IGNACIO CABANES VALENCIA
El ministerio fiscal solicita una pena de 25 años de prisión para el preso que, aprovechando un permiso penitenciario, mató presuntamente a su padre en Alfafar en agosto de 2008. Torcuato M. O., de 65 años, falleció de 51 heridas de arma blanca, ocasionadas con un objeto punzante, posiblemente un destornillador o unas tijeras, aunque el arma homicida nunca fue encontrada.
El procesado, de 46 años, se encontraba cumpliendo condena en el centro penitenciario de Picassent por dos delitos de robo con violencia, un delito de robo con fuerza, otro de lesiones, uno más de atentado y un delito de receptación. En el momento del crimen estaba bajo un régimen de tercer grado con la obligación de pernoctar en prisión de lunes a viernes y los fines de semana en el domicilio de su hijo, en Catarroja.

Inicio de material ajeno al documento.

lemma bounded_variation:
  assumes T: "0 \<le> T"
  shows "bounded_variation_on x 0 T"
proof -
  obtain Cm where Cm: "\<And>u. \<bar>fm u\<bar> \<le> Cm" using fm_bounded by blast
  obtain Cn where Cn: "\<And>u. \<bar>fn u\<bar> \<le> Cn" using fn_bounded by blast
  obtain K where K: "0 \<le> K" "\<And>s. s \<le> T \<Longrightarrow> \<bar>x_meas s\<bar> \<le> K" "\<And>s. s \<le> T \<Longrightarrow> \<bar>x_left_meas s\<bar> \<le> K"
    using path_bounded[of T] by blast
  have drift: "bounded_variation_on (\<lambda>t. x 0 + e * t) 0 T"
    using T by (intro bounded_variation_on_add bounded_variation_on_cmult bounded_variation_on_mono)
      (auto simp: monotone_on_def)
  have lebesgue: "bounded_variation_on (\<lambda>t. \<integral>\<sigma>. indicator {0<..t} \<sigma> * x_meas \<sigma> \<partial>lborel) 0 T"
    by (rule bounded_variation_on_Ioc_integral[OF sets_lborel emeasure_lborel_Ioc_finite T x_meas_measurable K(2)])
  have mu: "bounded_variation_on (\<lambda>t. \<integral>\<sigma>. (indicator {-p<..t} \<sigma> * Fker fm p t \<sigma>) * x_meas \<sigma> \<partial>lborel) 0 T"
    by (rule bounded_variation_on_Fker_integral[OF sets_lborel emeasure_lborel_Ioc_finite fm_measurable Cm
          fm_nonneg pq(1) T x_meas_measurable K(2)])
  have nu: "bounded_variation_on (\<lambda>t. \<integral>\<sigma>. (indicator {-q<..t} \<sigma> * Fker fn q t \<sigma>) * x_left_meas \<sigma> \<partial>N) 0 T"
    by (rule bounded_variation_on_Fker_integral[OF N_sets N_Ioc_finite fn_measurable Cn
          fn_nonneg pq(2) T x_left_meas_measurable K(3)])
  have stieltjes: "bounded_variation_on (\<lambda>t. \<integral>\<sigma>. indicator {0<..t} \<sigma> * x_left_meas \<sigma> \<partial>N) 0 T"
    by (rule bounded_variation_on_Ioc_integral[OF N_sets N_Ioc_finite T x_left_meas_measurable K(3)])
  have "bounded_variation_on (\<lambda>t. x 0 + e * t + (- cm) * (\<integral>\<sigma>. indicator {0<..t} \<sigma> * x_meas \<sigma> \<partial>lborel)
     + (\<integral>\<sigma>. (indicator {-p<..t} \<sigma> * Fker fm p t \<sigma>) * x_meas \<sigma> \<partial>lborel)
     + (\<integral>\<sigma>. (indicator {-q<..t} \<sigma> * Fker fn q t \<sigma>) * x_left_meas \<sigma> \<partial>N)
     + cn * (\<integral>\<sigma>. indicator {0<..t} \<sigma> * x_left_meas \<sigma> \<partial>N)) 0 T"
    by (intro bounded_variation_on_add[OF _ bounded_variation_on_cmult[OF stieltjes]]
        bounded_variation_on_add[OF _ nu] bounded_variation_on_add[OF _ mu]
        bounded_variation_on_add[OF drift bounded_variation_on_cmult[OF lebesgue]])
  then show ?thesis
    by (rule bounded_variation_on_cong[rotated]) (rule equation_kernel_form, simp)
qed

end

section \<open>The variance process\<close>

lemma cadlag_from_diff_const:
  assumes "cadlag_from a f"
  shows "cadlag_from a (\<lambda>t. f t - c)"
  unfolding cadlag_from_def
proof (intro conjI allI impI)
  fix t assume "a \<le> t"
  then show "continuous (at_right t) (\<lambda>t. f t - c)"
    using assms by (intro continuous_diff continuous_const) (simp add: cadlag_from_def)
next
  fix t assume "a < t"
  then obtain l where "(f \<longlongrightarrow> l) (at_left t)" using assms unfolding cadlag_from_def by blast
  then have "((\<lambda>t. f t - c) \<longlongrightarrow> l - c) (at_left t)" by (intro tendsto_diff tendsto_const)
  then show "\<exists>l. ((\<lambda>t. f t - c) \<longlongrightarrow> l) (at_left t)" ..
qed

lemma local_martingale_from_zero: "local_martingale_from M F a (\<lambda>t \<omega>. 0)"
  unfolding local_martingale_from_def
proof (intro conjI exI[of _ "\<lambda>n \<omega>. \<infinity>"])
  show "adapted F a (\<lambda>t \<omega>. 0)" by (simp add: adapted_def)
  show "\<forall>\<omega>\<in>space M. cadlag_from a (\<lambda>t. 0)"
    by (auto simp: cadlag_from_def intro!: exI[of _ 0])
  show "\<forall>n. stopping_time_from F a (space M) (\<lambda>\<omega>. \<infinity>)" by (simp add: stopping_time_from_def)
  show "\<forall>n. martingale_from M F a (\<lambda>t \<omega>. 0)" by (simp add: martingale_from_def adapted_def)
qed simp_all

lemma adapted_increments:
  assumes filt: "filtration_usual M a F" and X: "adapted F a X" and ab: "a \<le> b"
  shows "adapted F b (\<lambda>t \<omega>. X t \<omega> - X b \<omega>)"
  unfolding adapted_def
proof (intro allI impI borel_measurable_diff)
  fix t assume "b \<le> t"
  then have at: "a \<le> t" using ab by simp
  show "X t \<in> borel_measurable (F t)" using X at by (simp add: adapted_def)
  note filt_def = filt[unfolded filtration_usual_def]
  have "\<forall>t\<ge>a. subalgebra M (F t)" "\<forall>s t. a \<le> s \<longrightarrow> s \<le> t \<longrightarrow> sets (F s) \<subseteq> sets (F t)"
    using conjunct1[OF filt_def] conjunct1[OF conjunct2[OF filt_def]] .
  then have "subalgebra M (F b)" "subalgebra M (F t)" "sets (F b) \<subseteq> sets (F t)"
    using ab at \<open>b \<le> t\<close> by simp_all
  then have "subalgebra (F t) (F b)" by (simp add: subalgebra_def)
  moreover have "X b \<in> borel_measurable (F b)" using X ab by (simp add: adapted_def)
  ultimately show "X b \<in> borel_measurable (F t)" by (rule measurable_from_subalg)
qed

lemma semimartingale_from_finite_variation:
  fixes M :: "'a measure" and X :: "real \<Rightarrow> 'a \<Rightarrow> real"
  assumes filt: "filtration_usual M a F" and X: "adapted F a X"
    and cadlag: "\<forall>\<omega>\<in>space M. cadlag_from a (\<lambda>t. X t \<omega>)" and ab: "a \<le> b"
    and bv: "AE \<omega> in M. \<forall>T\<ge>b. bounded_variation_on (\<lambda>t. X t \<omega>) b T"
  shows "semimartingale_from M F b X"
proof -
  have cadlag_b: "\<forall>\<omega>\<in>space M. cadlag_from b (\<lambda>t. X t \<omega>)"
    using cadlag cadlag_from_mono[OF ab] by blast
  have fv: "fv_process M F b (\<lambda>t \<omega>. X t \<omega> - X b \<omega>)"
    unfolding fv_process_def
  proof (intro conjI adapted_increments[OF filt X ab])
    show "\<forall>\<omega>\<in>space M. cadlag_from b (\<lambda>t. X t \<omega> - X b \<omega>)"
      using cadlag_b by (simp add: cadlag_from_diff_const)
    show "AE \<omega> in M. \<forall>T\<ge>b. bounded_variation_on (\<lambda>t. X t \<omega> - X b \<omega>) b T"
      using bv by eventually_elim (simp add: bounded_variation_on_def)
  qed
  show ?thesis
    unfolding semimartingale_from_def
  proof (intro conjI exI)
    show "adapted F b X" using X ab by (simp add: adapted_def)
    show "\<forall>\<omega>\<in>space M. cadlag_from b (\<lambda>t. X t \<omega>)" by (rule cadlag_b)
    show "local_martingale_from M F b (\<lambda>t \<omega>. 0)" by (rule local_martingale_from_zero)
    show "fv_process M F b (\<lambda>t \<omega>. X t \<omega> - X b \<omega>)" by (rule fv)
  qed simp_all
qed

lemma strong_solution_AE_cdgarch_path:
  assumes pq: "0 \<le> p" "0 \<le> q" "r = max p q"
    and fmu: "continuous_on {-p..0} f\<^sub>\<mu>" "\<forall>u. f\<^sub>\<mu> u \<ge> 0" "\<forall>u. u \<notin> {-p..0} \<longrightarrow> f\<^sub>\<mu> u = 0"
    and fnu: "continuous_on {-q..0} f\<^sub>\<nu>" "\<forall>u. f\<^sub>\<nu> u \<ge> 0" "\<forall>u. u \<notin> {-q..0} \<longrightarrow> f\<^sub>\<nu> u = 0"
    and sol: "strong_solution M F r p q \<eta> c\<^sub>\<mu> c\<^sub>\<nu> f\<^sub>\<mu> f\<^sub>\<nu> \<sigma> L \<Phi> X"
  shows "AE \<omega> in M. cdgarch_path p q r \<eta> c\<^sub>\<mu> c\<^sub>\<nu> f\<^sub>\<mu> f\<^sub>\<nu> (dS \<sigma> (-r) (\<lambda>s. L s \<omega>)) (\<lambda>s. \<Phi> s \<omega>) (\<lambda>s. X s \<omega>)"
proof -
  have cadlag: "\<forall>\<omega>\<in>space M. cadlag_from (-r) (\<lambda>t. X t \<omega>)"
    and initial: "\<forall>\<omega>\<in>space M. \<forall>t\<in>{-r..0}. X t \<omega> = \<Phi> t \<omega>"
    using sol unfolding strong_solution_def by blast+
  have "AE \<omega> in M. \<forall>t>0. cdgarch_eq p q \<eta> c\<^sub>\<mu> c\<^sub>\<nu> f\<^sub>\<mu> f\<^sub>\<nu>
      (dS \<sigma> (-r) (\<lambda>s. L s \<omega>)) (\<lambda>s. \<Phi> s \<omega>) (\<lambda>s. X s \<omega>) t"
    using sol unfolding strong_solution_def by blast
  with AE_space show ?thesis
  proof eventually_elim
    case (elim \<omega>)
    show ?case
    proof
      show "sets (dS \<sigma> (-r) (\<lambda>s. L s \<omega>)) = sets borel" by (simp add: dS_def)
      show "emeasure (dS \<sigma> (-r) (\<lambda>s. L s \<omega>)) {a<..b} < \<infinity>" for a b
        unfolding dS_def by (rule emeasure_interval_measure_Ioc_finite)
      show "cadlag_from (-r) (\<lambda>s. X s \<omega>)" using cadlag elim by blast
      show "X t \<omega> = \<Phi> t \<omega>" if "t \<in> {-r..0}" for t using initial elim that by blast
      show "cdgarch_eq p q \<eta> c\<^sub>\<mu> c\<^sub>\<nu> f\<^sub>\<mu> f\<^sub>\<nu> (dS \<sigma> (-r) (\<lambda>s. L s \<omega>)) (\<lambda>s. \<Phi> s \<omega>) (\<lambda>s. X s \<omega>) t"
        if "0 < t" for t
        using elim that by blast
    qed (use pq fmu fnu in simp_all)
  qed
qed

theorem theorem4p7:
  fixes M :: "'a measure" and F :: "real \<Rightarrow> 'a measure"
    and L \<Phi> X :: "real \<Rightarrow> 'a \<Rightarrow> real"
    and p q r \<eta> c\<^sub>\<mu> c\<^sub>\<nu> \<sigma>\<^sub>L :: real and \<nu>\<^sub>L :: "real measure"
    and f\<^sub>\<mu> f\<^sub>\<nu> :: "real \<Rightarrow> real"
  assumes P: "prob_space M"
    and pq: "p \<ge> 0" "q \<ge> 0" and r_def: "r = max p q" and r_pos: "r > 0"
    and filt: "filtration_usual M (-r) F"
    and levy: "levy_process M F (-r) L"
    and cent: "centered_square_integrable M (-r) L"
    and triplet: "levy_khintchine M (-r) L \<sigma>\<^sub>L \<nu>\<^sub>L"
    and fourth: "integrable M (\<lambda>\<omega>. (L (-r + 1) \<omega>) ^ 4)"
    and eta: "\<eta> > 0" and cmu: "c\<^sub>\<mu> > 0" and cnu: "c\<^sub>\<nu> > 0"
    and fmu: "continuous_on {-p..0} f\<^sub>\<mu>" "\<forall>u. f\<^sub>\<mu> u \<ge> 0" "\<forall>u. u \<notin> {-p..0} \<longrightarrow> f\<^sub>\<mu> u = 0"
    and fnu: "continuous_on {-q..0} f\<^sub>\<nu>" "\<forall>u. f\<^sub>\<nu> u \<ge> 0" "\<forall>u. u \<notin> {-q..0} \<longrightarrow> f\<^sub>\<nu> u = 0"
    and Phi_cadlag: "\<forall>\<omega>\<in>space M. cadlag_on (-r) 0 (\<lambda>t. \<Phi> t \<omega>)"
    and Phi_adapted: "\<forall>t\<in>{-r..0}. \<Phi> t \<in> borel_measurable (natural_filtration M (-r) L t)"
    and Phi_L2: "(\<integral>\<^sup>+\<omega>. (SUP s\<in>{-r..0}. ennreal ((\<Phi> s \<omega>)\<^sup>2)) \<partial>M) < \<infinity>"
    and sol: "strong_solution M F r p q \<eta> c\<^sub>\<mu> c\<^sub>\<nu> f\<^sub>\<mu> f\<^sub>\<nu> \<sigma>\<^sub>L L \<Phi> X"
  shows
    \<comment> \<open>stochastic Volterra integral equation\<close>
    "(AE \<omega> in M. \<forall>t\<ge>0.
        (let x = (\<lambda>s. X s \<omega>); SM = dS \<sigma>\<^sub>L (-r) (\<lambda>s. L s \<omega>) in
         x t = x 0 + (LBINT s:{0..t}. \<eta> - c\<^sub>\<mu> * x s)
               + c\<^sub>\<nu> * (LINT s:{0<..t}|SM. lim_left x s)
               + ((LBINT s:{-p..t}. Fker f\<^sub>\<mu> p t s * x s)
                  + (LINT s:{-q<..t}|SM. Fker f\<^sub>\<nu> q t s * lim_left x s))))
     \<and>
     \<comment> \<open>stochastic functional differential equation, in integral form\<close>
     (AE \<omega> in M. \<forall>t\<ge>0.
        (let x = (\<lambda>s. X s \<omega>); SM = dS \<sigma>\<^sub>L (-r) (\<lambda>s. L s \<omega>);
             \<xi> = (\<lambda>v. (LBINT u:{-p..0}. f\<^sub>\<mu> u * x (v + u))
                      + (LINT w:{v-q<..v}|SM. f\<^sub>\<nu> (w - v) * lim_left x w)) in
         x t = x 0 + (LBINT s:{0..t}. \<eta> - c\<^sub>\<mu> * x s + \<xi> s)
               + c\<^sub>\<nu> * (LINT s:{0<..t}|SM. lim_left x s)))
     \<and>
     (\<forall>\<omega>\<in>space M. \<forall>u\<in>{-r..0}. X u \<omega> = \<Phi> u \<omega>)
     \<and> semimartingale_from M F 0 X
     \<and> (AE \<omega> in M. \<forall>T\<ge>0. bounded_variation_on (\<lambda>t. X t \<omega>) 0 T)"
proof -
  have paths: "AE \<omega> in M. cdgarch_path p q r \<eta> c\<^sub>\<mu> c\<^sub>\<nu> f\<^sub>\<mu> f\<^sub>\<nu>
      (dS \<sigma>\<^sub>L (-r) (\<lambda>s. L s \<omega>)) (\<lambda>s. \<Phi> s \<omega>) (\<lambda>s. X s \<omega>)"
    by (rule strong_solution_AE_cdgarch_path[OF pq r_def fmu fnu sol])
  have solution: "adapted F (-r) X" "\<forall>\<omega>\<in>space M. cadlag_from (-r) (\<lambda>t. X t \<omega>)"
      "\<forall>\<omega>\<in>space M. \<forall>u\<in>{-r..0}. X u \<omega> = \<Phi> u \<omega>"
    using sol unfolding strong_solution_def by blast+
  have bv: "AE \<omega> in M. \<forall>T\<ge>0. bounded_variation_on (\<lambda>t. X t \<omega>) 0 T"
    using paths by eventually_elim (blast dest: cdgarch_path.bounded_variation)
  moreover have "semimartingale_from M F 0 X"
    using r_pos by (intro semimartingale_from_finite_variation[OF filt solution(1,2) _ bv]) simp
  moreover have "AE \<omega> in M. \<forall>t\<ge>0. (let x = (\<lambda>s. X s \<omega>); SM = dS \<sigma>\<^sub>L (-r) (\<lambda>s. L s \<omega>) in
      x t = x 0 + (LBINT s:{0..t}. \<eta> - c\<^sub>\<mu> * x s) + c\<^sub>\<nu> * (LINT s:{0<..t}|SM. lim_left x s)
        + ((LBINT s:{-p..t}. Fker f\<^sub>\<mu> p t s * x s) + (LINT s:{-q<..t}|SM. Fker f\<^sub>\<nu> q t s * lim_left x s)))"
    using paths by eventually_elim (auto simp: Let_def dest: cdgarch_path.volterra_equation)
  moreover have "AE \<omega> in M. \<forall>t\<ge>0. (let x = (\<lambda>s. X s \<omega>); SM = dS \<sigma>\<^sub>L (-r) (\<lambda>s. L s \<omega>);
      \<xi> = (\<lambda>v. (LBINT u:{-p..0}. f\<^sub>\<mu> u * x (v + u)) + (LINT w:{v-q<..v}|SM. f\<^sub>\<nu> (w - v) * lim_left x w)) in
      x t = x 0 + (LBINT s:{0..t}. \<eta> - c\<^sub>\<mu> * x s + \<xi> s) + c\<^sub>\<nu> * (LINT s:{0<..t}|SM. lim_left x s))"
    using paths by eventually_elim (auto simp: Let_def dest: cdgarch_path.functional_differential_equation)
  ultimately show ?thesis using solution(3) by blast
qed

Para controlar sus movimientos el centro penitenciario le había colocado una pulsera telemática. Sin embargo, esta medida preventiva no evitó que el reo presuntamente acabara con la vida de su padre. De hecho, antes del crimen ya se había desprendido de la pulsera localizadora, hecho por el que el Juzgado de Vigilancia Penitenciaria ordenó su búsqueda y captura.
Medio centenar de puñaladas
El dos de agosto de 2008 el preso acudió al domicilio de su padre, situado en la avenida de Torrent de Alfafar. Así, entre las 12.00 horas y las cuatro de la madrugada, el acusado, "con la intención de apoderarse de los objetos de valor que éste tenía", le propinó a la víctima 51 heridas punzantes que le causaron la muerte. Tras el crimen, el procesado se apoderó de varias joyas de oro y de la cartilla bancaria del fallecido.
Días después, el 7 de agosto, el presunto asesino fue detenido a las 20.30 horas en la plaza de la Virgen de Valencia por agentes de la Guardia Civil.
El fiscal solicita para el acusado una pena de 20 años de prisión por el delito de asesinato y cinco más por el delito de robo con violencia, ambos con el agravante de parentesco. Los familiares del fallecido han rechazado reclamar cualquier tipo de indemnización.
En el juicio se determinará si el acusado, que era toxicómano, se encontraba bajo los efectos de algún tipo de estupefaciente.